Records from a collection
★ ★ ★ ★ ★ ★ ★

definition pred_label :: "('a::real_inner \<Rightarrow> real) \<Rightarrow> real \<Rightarrow> 'a \<Rightarrow> 'a \<Rightarrow> real \<Rightarrow> real" where
  "pred_label nrm c x y b = sgnp (y \<bullet> x + b - 2 * dual_norm nrm y / c)"

definition resp :: "('a::real_inner \<Rightarrow> real) \<Rightarrow> real \<Rightarrow> ('a \<Rightarrow> 'a) \<Rightarrow> 'a \<Rightarrow> 'a \<Rightarrow> real \<Rightarrow> 'a" where
  "resp nrm c v A y b =
     (if y = 0 then A
      else (let m = (y \<bullet> A + b) / dual_norm nrm y in
            if 0 \<le> m \<and> m < 2 / c then A + (2 / c - m) *\<^sub>R v y else A))"

definition proxy :: "('a::real_inner \<Rightarrow> real) \<Rightarrow> real \<Rightarrow> ('a \<Rightarrow> 'a) \<Rightarrow> ('a \<Rightarrow> real)
                      \<Rightarrow> 'a \<Rightarrow> 'a \<Rightarrow> real \<Rightarrow> 'a" where
  "proxy nrm c v lab A y b =
     (if y = 0 then A
      else (let m = (y \<bullet> A + b) / dual_norm nrm y in
            if 0 \<le> m \<and> m < 2 / c \<and> lab A = -1 then A - m *\<^sub>R v y
            else if 0 \<le> m \<and> m < 2 / c \<and> lab A = 1 then A + (2 / c - m) *\<^sub>R v y
            else A))"

definition hinge :: "('a::real_inner) \<Rightarrow> 'a \<Rightarrow> real \<Rightarrow> real" where
  "hinge q \<xi> l = max 0 (1 - l * (q \<bullet> \<xi>))"

primrec spp :: "('a::euclidean_space \<Rightarrow> real) \<Rightarrow> real \<Rightarrow> ('a \<Rightarrow> 'a) \<Rightarrow> ('a \<Rightarrow> real)
                 \<Rightarrow> ('a \<times> real) set \<Rightarrow> real \<Rightarrow> (nat \<Rightarrow> 'a) \<Rightarrow> nat \<Rightarrow> 'a \<times> real" where
  "spp nrm c v lab L \<gamma> As 0 = (0, 0)"
| "spp nrm c v lab L \<gamma> As (Suc t) =
     (let q = spp nrm c v lab L \<gamma> As t; y = fst q; b = snd q; A = As t;
          z = (if pred_label nrm c (resp nrm c v A y b) y b \<noteq> lab A
               then q + \<gamma> *\<^sub>R (lab A *\<^sub>R (proxy nrm c v lab A y b, 1))
               else q)
      in closest_point L z)"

★ ★ ★ ★ ★ ★ ★

:: TASK INSTRUCTIONS ::
Only the lines from the line with "z = (if pred_label" to the final line of the entries are to be returned, each exactly as written, both ends included.

:: WRITTEN RESPONSE ::
          z = (if pred_label nrm c (resp nrm c v A y b) y b \<noteq> lab A
               then q + \<gamma> *\<^sub>R (lab A *\<^sub>R (proxy nrm c v lab A y b, 1))
               else q)
      in closest_point L z)"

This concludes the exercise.